**PROBLEM TO WORK ON:** Please return, word for word, the line containing "theory Defs" and each line after it through the end of the data below, and nothing else.

- - - - - - -

(* In the calculus $\mathcal{L}$ described in the context, a well-typed command $c$ (i.e. $c:A$ for some type $A$) reduces (there is $c'$ with $c\rightsquigarrow c'$) if and only if $c$ is not of the form $\langle v_t\mid\star\mid l\rangle^\varepsilon$ with $v_t$ a final value. The same holds in the ordered fragment, i.e. when all judgements $\vdash_p$ are required to be derived without the rule (struct).
   Context: Polarities are $\varepsilon\in\{+,-\}$. Types: positive $P,Q ::= R \mid 1 \mid A\otimes B \mid A\oplus B$; negative $N,M ::= A\multimap B \mid A\,\&\,B$; $\varpi(P)=+$, $\varpi(N)=-$ ($R$ is an atomic type of resources). Fix variables and resource constants $r_n$ ($n\in\mathbb N$). Expressions $t,u$ and values $v,w$: $t,u ::= v \mid (\mathrm{let}\ x^+=t\ \mathrm{in}\ u)^+ \mid (\mathrm{let}\ x^-=v\ \mathrm{in}\ u)^+ \mid \delta(v,(x,y).t)^+ \mid \delta(v,().t)^+ \mid \delta(v,x.t,y.u)^+ \mid (v\,w)^+ \mid (\pi_1 v)^+ \mid (\pi_2 v)^+$; $v,w ::= (\mathrm{let}\ x^+=t\ \mathrm{in}\ v)^- \mid (\mathrm{let}\ x^-=v\ \mathrm{in}\ w)^- \mid \delta(v,(x,y).w)^- \mid \delta(v,().w)^- \mid \delta(v,x.w,y.w')^- \mid (v\,w)^- \mid (\pi_1 v)^- \mid (\pi_2 v)^- \mid x \mid \mathrm{new} \mid \mathrm{delete} \mid (v,w) \mid () \mid \iota_1 v \mid \iota_2 v \mid \lambda x.t \mid \langle t,u\rangle \mid r_n$. Final values are $v_t ::= () \mid (v,w)\mid \iota_i v\mid r_n\mid\langle t,u\rangle\mid\lambda x.t\mid\mathrm{new}\mid\mathrm{delete}$. $t[v/x]$ is capture-avoiding substitution. Contexts are finite lists of typed variables. Typing rules ($v,w$ range over values): (var) $x:A\vdash x:A$. (struct) from $\Gamma\vdash t:A$ and a type-preserving bijection $\sigma$ from entries of $\Gamma$ to entries of $\Gamma'$ (permutation plus renaming) derive $\Gamma'\vdash t[\sigma]:A$. $\vdash\mathrm{new}:1\multimap(R\oplus 1)$; $\vdash\mathrm{delete}:R\multimap 1$. (let) from $\Delta\vdash t:A$, $\Gamma,x:A\vdash u:B$ derive $\Gamma,\Delta\vdash(\mathrm{let}\ x^{\varpi(A)}=t\ \mathrm{in}\ u)^{\varpi(B)}:B$. From $\Gamma\vdash v:A$, $\Delta\vdash w:B$ derive $\Gamma,\Delta\vdash(v,w):A\otimes B$; from $\Delta\vdash v:A\otimes B$, $\Gamma,x:A,y:B,\Gamma'\vdash t:C$ derive $\Gamma,\Delta,\Gamma'\vdash\delta(v,(x,y).t)^{\varpi(C)}:C$. $\vdash():1$; from $\Delta\vdash v:1$, $\Gamma,\Gamma'\vdash t:A$ derive $\Gamma,\Delta,\Gamma'\vdash\delta(v,().t)^{\varpi(A)}:A$. From $\Gamma\vdash v:A$ derive $\Gamma\vdash\iota_1v:A\oplus B$; from $\Gamma\vdash v:B$ derive $\Gamma\vdash\iota_2v:A\oplus B$; from $\Delta\vdash v:A\oplus B$, $\Gamma,x:A,\Gamma'\vdash t:C$, $\Gamma,y:B,\Gamma'\vdash u:C$ derive $\Gamma,\Delta,\Gamma'\vdash\delta(v,x.t,y.u)^{\varpi(C)}:C$. From $x:A,\Gamma\vdash t:B$ derive $\Gamma\vdash\lambda x.t:A\multimap B$; from $\Gamma\vdash w:A$, $\Delta\vdash v:A\multimap B$ derive $\Gamma,\Delta\vdash(v\,w)^{\varpi(B)}:B$. From $\Gamma\vdash t:A$, $\Gamma\vdash u:B$ derive $\Gamma\vdash\langle t,u\rangle:A\&B$; from $\Gamma\vdash v:A_1\&A_2$ derive $\Gamma\vdash(\pi_iv)^{\varpi(A_i)}:A_i$. $\vdash_p$ is generated by these rules plus the axioms $\vdash_p r_n:R$. Machine: stacks $s ::= \star \mid v^\varepsilon\cdot s \mid \pi_i^\varepsilon\cdot s \mid (x^+.u)^\varepsilon\cdot s$; lists $l ::= []\mid r_n::l$; commands $\langle t\mid s\mid l\rangle^\varepsilon$. Stack typing $s:A\vdash_p C$: $\star:A\vdash_p A$; if $s:B\vdash_p C$, $\varepsilon=\varpi(B)$ and $\vdash_p v:A$ then $v^\varepsilon\cdot s:A\multimap B\vdash_p C$; if $s:B\vdash_p C$, $\varepsilon=\varpi(B)$ and $x:A\vdash_p t:B$ then $(x^+.t)^\varepsilon\cdot s:A\vdash_p C$; if $s:A_i\vdash_p C$ and $\varepsilon=\varpi(A_i)$ then $\pi_i^\varepsilon\cdot s:A_1\&A_2\vdash_p C$. A command is typed, $\langle t\mid s\mid l\rangle^\varepsilon:A$, iff there is $B$ with $\varpi(B)=\varepsilon$, $\vdash_p t:B$ and $s:B\vdash_p A$. Reduction $\rightsquigarrow$ ($i\in\{1,2\}$): $\langle(\mathrm{let}\ x^-=v\ \mathrm{in}\ t)^\varepsilon\mid s\mid l\rangle^\varepsilon\rightsquigarrow\langle t[v/x]\mid s\mid l\rangle^\varepsilon$; $\langle(\mathrm{let}\ x^+=t\ \mathrm{in}\ u)^\varepsilon\mid s\mid l\rangle^\varepsilon\rightsquigarrow\langle t\mid (x^+.u)^\varepsilon\cdot s\mid l\rangle^+$; $\langle v\mid (x^+.t)^\varepsilon\cdot s\mid l\rangle^+\rightsquigarrow\langle t[v/x]\mid s\mid l\rangle^\varepsilon$; $\langle (v\,w)^\varepsilon\mid s\mid l\rangle^\varepsilon\rightsquigarrow\langle v\mid w^\varepsilon\cdot s\mid l\rangle^-$; $\langle \lambda x.t\mid v^\varepsilon\cdot s\mid l\rangle^-\rightsquigarrow\langle t[v/x]\mid s\mid l\rangle^\varepsilon$; $\langle (\pi_i v)^\varepsilon\mid s\mid l\rangle^\varepsilon\rightsquigarrow\langle v\mid \pi_i^\varepsilon\cdot s\mid l\rangle^-$; $\langle \langle t_1,t_2\rangle\mid \pi_i^\varepsilon\cdot s\mid l\rangle^-\rightsquigarrow\langle t_i\mid s\mid l\rangle^\varepsilon$; $\langle \delta((v,w),(x,y).t)^\varepsilon\mid s\mid l\rangle^\varepsilon\rightsquigarrow\langle t[v/x,w/y]\mid s\mid l\rangle^\varepsilon$; $\langle \delta((),().t)^\varepsilon\mid s\mid l\rangle^\varepsilon\rightsquigarrow\langle t\mid s\mid l\rangle^\varepsilon$; $\langle \delta(\iota_i v,x_1.t_1,x_2.t_2)^\varepsilon\mid s\mid l\rangle^\varepsilon\rightsquigarrow\langle t_i[v/x_i]\mid s\mid l\rangle^\varepsilon$; $\langle \mathrm{new}\mid ()^{\varepsilon}\cdot s\mid r_n::l\rangle^-\rightsquigarrow\langle \iota_1 r_n\mid s\mid l\rangle^+$; $\langle \mathrm{new}\mid ()^{\varepsilon}\cdot s\mid []\rangle^-\rightsquigarrow\langle \iota_2 ()\mid s\mid []\rangle^+$; $\langle \mathrm{delete}\mid r_n^{\varepsilon}\cdot s\mid l\rangle^-\rightsquigarrow\langle ()\mid s\mid r_n::l\rangle^+$. *)

theory Defs
  imports Main "HOL-Library.Multiset"
begin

- - - - - - -

**SOLUTION FOR THIS PROBLEM:**
theory Defs
  imports Main "HOL-Library.Multiset"
begin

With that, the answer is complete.